The corpus is useful on its own, but the workflow around it matters more for ongoing security. Here is how you would test and maintain a detection policy using the CLI tools that ship with namespace-guard.

Generate attack candidates against a protected identifier:

namespace-guard attack-gen paypal --mode evasion --json

This produces substitution variants using the confusable map, zero-width insertions, and combining mark overlays. Run your detection system against the output to find what gets through.

Set risk thresholds from labelled data:

namespace-guard calibrate ./confusable-bench.v1.json \
  --protect paypal --json

The calibrator computes warn and block thresholds using cost-aware optimisation. You set the relative cost of blocking a benign input versus allowing a malicious one, and it finds the threshold that minimises total expected cost at your target recall.

Monitor for regression between Unicode versions:

namespace-guard drift --json

This runs the built-in composability vectors (the 31 NFKC/TR39 divergence entries plus related cases) against your runtime’s current Unicode data and reports any changes. When Node.js ships a new ICU version, the drift command tells you whether detection results changed.

Gate your CI pipeline:

npx namespace-guard drift --json || exit 1

If the composability vectors produce different results than the baseline, the command exits non-zero. Add this to your CI to catch Unicode data regressions before they reach production.

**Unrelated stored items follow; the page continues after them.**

lemma AE_sign_event: "AE x in M. \<exists>N\<subseteq>H0. x \<in> sign_event N"
proof -
  have disjoint: "disjoint_family_on sign_event (Pow H0)"
    unfolding disjoint_family_on_def
  proof (intro ballI impI)
    fix N N' assume "N \<in> Pow H0" "N' \<in> Pow H0" "N \<noteq> N'"
    then obtain j where "j \<in> H0" "(j \<in> N) \<noteq> (j \<in> N')"
      by blast
    then have "j \<in> H0" "sign_pattern N j \<noteq> sign_pattern N' j"
      by (auto simp: sign_pattern_def)
    then show "sign_event N \<inter> sign_event N' = {}"
      by (auto simp: sign_event_def)
  qed
  have "prob (\<Union>N\<in>Pow H0. sign_event N) = (\<Sum>N\<in>Pow H0. prob (sign_event N))"
    using finite_nulls disjoint sets_sign_event by (intro finite_measure_finite_Union) auto
  also have "\<dots> = 1"
    using finite_nulls by (simp add: prob_sign_event card_Pow)
  finally show ?thesis
    by (rule AE_prob_1[THEN AE_mp]) auto
qed

lemma integral_scores_indicator_sign_event:
  assumes f: "f \<in> borel_measurable (PiM {1..p} (\<lambda>_. borel))"
    and range: "\<And>w. f w \<in> real ` {..K}"
  shows "(\<integral>x. f (scores x) * indicator (sign_event N) x \<partial>M)
    = (\<integral>x. f (scores x) \<partial>M) * (1 / 2 ^ card H0)"
proof (rule integral_indicator_eq_scaled)
  show "(\<lambda>x. f (scores x)) \<in> borel_measurable M"
    using measurable_scores f by measurable
  fix n :: nat
  let ?B = "f -` {real n} \<inter> space (PiM {1..p} (\<lambda>_. borel))"
  have "?B \<in> sets (PiM {1..p} (\<lambda>_. borel))"
    using f by measurable
  moreover have level: "{x \<in> space M. scores x \<in> ?B} = {x \<in> space M. f (scores x) = real n}"
    using measurable_space[OF measurable_scores] by auto
  moreover have "{x \<in> space M. f (scores x) = real n \<and> x \<in> sign_event N}
      = {x \<in> space M. scores x \<in> ?B} \<inter> sign_event N"
    unfolding level by auto
  ultimately show "prob {x \<in> space M. f (scores x) = real n \<and> x \<in> sign_event N}
      = prob {x \<in> space M. f (scores x) = real n} * (1 / 2 ^ card H0)"
    using prob_scores_inter_sign_event[of ?B N] by simp
qed (use range sets_sign_event in auto)

lemma borel_measurable_positives_scores:
  "N \<subseteq> H0 \<Longrightarrow> (\<lambda>x. real (positives_before_vth_neg (scores x) H0 v N)) \<in> borel_measurable M"
  using measurable_compose[OF measurable_scores
      borel_measurable_positives_before_vth_neg[OF finite_nulls _ nulls_subset]] .

lemma integrable_positives_scores:
  assumes "N \<subseteq> H0"
  shows "integrable M (\<lambda>x. real (positives_before_vth_neg (scores x) H0 v N))"
proof (rule integrable_const_bound[where B = "card H0"])
  show "AE x in M. norm (real (positives_before_vth_neg (scores x) H0 v N)) \<le> real (card H0)"
    using positives_before_vth_neg_le_card[OF finite_nulls] by simp
qed (rule borel_measurable_positives_scores[OF assms])

lemma integral_positives_scores_sign_event:
  assumes "N \<subseteq> H0"
  shows "(\<integral>x. real (positives_before_vth_neg (scores x) H0 v N) * indicator (sign_event N) x \<partial>M)
    = (\<integral>x. real (positives_before_vth_neg (scores x) H0 v N) \<partial>M) * (1 / 2 ^ card H0)"
  using borel_measurable_positives_before_vth_neg[OF finite_nulls assms nulls_subset]
    positives_before_vth_neg_le_card[OF finite_nulls]
  by (intro integral_scores_indicator_sign_event[where K = "card H0"]) auto

lemma AE_knock_V_le_sum_sign_events:
  "AE x in M. real (knock_V p v H0 (\<lambda>j. W j x) (\<lambda>j. chi j x))
    \<le> (\<Sum>N\<in>Pow H0. real (positives_before_vth_neg (scores x) H0 v N) * indicator (sign_event N) x)"
  using AE_sign_event
proof eventually_elim
  case (elim x)
  then obtain N0 where N0: "N0 \<subseteq> H0" "x \<in> sign_event N0" by blast
  then have "knock_V p v H0 (\<lambda>j. W j x) (\<lambda>j. chi j x) \<le> positives_before_vth_neg (\<lambda>j. W j x) H0 v N0"
    using nulls_subset
    by (intro knock_V_le_positives_before_vth_neg) (auto simp: sign_event_def sign_pattern_def)
  also have "\<dots> = positives_before_vth_neg (scores x) H0 v N0"
    using N0(1) by (intro positives_before_vth_neg_cong) (auto simp: scores_null)
  finally have "real (knock_V p v H0 (\<lambda>j. W j x) (\<lambda>j. chi j x))
      \<le> real (positives_before_vth_neg (scores x) H0 v N0) * indicator (sign_event N0) x"
    using N0(2) by simp
  also have "\<dots> \<le> (\<Sum>N\<in>Pow H0. real (positives_before_vth_neg (scores x) H0 v N) * indicator (sign_event N) x)"
    using N0(1) finite_nulls by (intro member_le_sum) auto
  finally show ?case .
qed

lemma AE_sum_positives_scores_le:
  "AE x in M. (\<Sum>N\<in>Pow H0. real (positives_before_vth_neg (scores x) H0 v N)) \<le> real v * 2 ^ card H0"
  using W_distinct
proof eventually_elim
  case (elim x)
  then have "inj_on (scores x) H0"
    using nulls_subset by (auto simp: inj_on_def scores_null)
  then have "(\<Sum>N\<in>Pow H0. positives_before_vth_neg (scores x) H0 v N) \<le> v * 2 ^ card H0"
    by (rule sum_positives_before_vth_neg_le[OF finite_nulls])
  then show ?case
    by (metis (mono_tags) of_nat_le_iff of_nat_mult of_nat_numeral of_nat_power of_nat_sum)
qed

lemma expected_knock_V_le: "(\<integral>x. real (knock_V p v H0 (\<lambda>j. W j x) (\<lambda>j. chi j x)) \<partial>M) \<le> real v"
proof -
  let ?g = "\<lambda>N x. real (positives_before_vth_neg (scores x) H0 v N)"
  have "(\<integral>x. real (knock_V p v H0 (\<lambda>j. W j x) (\<lambda>j. chi j x)) \<partial>M)
      \<le> (\<integral>x. (\<Sum>N\<in>Pow H0. ?g N x * indicator (sign_event N) x) \<partial>M)"
    using AE_knock_V_le_sum_sign_events integrable_positives_scores sets_sign_event
    by (intro integral_mono_AE') (auto intro!: integrable_real_mult_indicator sum_nonneg)
  also have "\<dots> = (\<Sum>N\<in>Pow H0. (\<integral>x. ?g N x \<partial>M) * (1 / 2 ^ card H0))"
    using integrable_positives_scores sets_sign_event
    by (subst Bochner_Integration.integral_sum)
      (auto intro!: integrable_real_mult_indicator simp: integral_positives_scores_sign_event)
  also have "\<dots> = (\<integral>x. (\<Sum>N\<in>Pow H0. ?g N x) \<partial>M) / 2 ^ card H0"
    using integrable_positives_scores
    by (subst Bochner_Integration.integral_sum) (auto simp: sum_divide_distrib)
  also have "\<dots> \<le> (\<integral>x. real v * 2 ^ card H0 \<partial>M) / 2 ^ card H0"
    using AE_sum_positives_scores_le integrable_positives_scores
    by (intro divide_right_mono integral_mono_AE) auto
  also have "\<dots> = real v"
    by (simp add: prob_space)
  finally show ?thesis .
qed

The point is not that these specific tools are the only way to do this. The point is that Unicode identifier security should be testable, measurable, and monitored for regression, like any other security control.

What this doesn’t solve

Font-rendering attacks are out of scope. Two characters might have identical Unicode skeletons but render differently in specific fonts, or have different skeletons but render identically in a particular typeface. Detecting this requires rendering glyphs and comparing pixel output. No purely Unicode-data-based approach handles it, and UTS #39 does not attempt to.

ML-driven homoglyph discovery is a related gap. Research has shown that neural approaches can find confusable pairs missing from confusables.txt by training on rendered glyph images. This is promising but introduces its own problems: adversarial robustness, font dependence, and the need to curate discovered pairs before deployment.

UTS #39 itself acknowledges these limits. The specification states that its skeleton mechanism can be “overly inclusive” and that a more sophisticated “metric indicating closeness” would be possible but was avoided for cost and data complexity. The current mechanism is a pragmatic floor, not a ceiling.

Standards engagement

These findings have been submitted to the Unicode Consortium for public review as PRI #540. The submission is under review and has not been accepted or adopted.

The benchmark corpus, CLI tools, and dual confusable maps are part of namespace-guard (v0.15.1, zero dependencies, MIT licence). The corpus is at docs/data/confusable-bench.v1.json.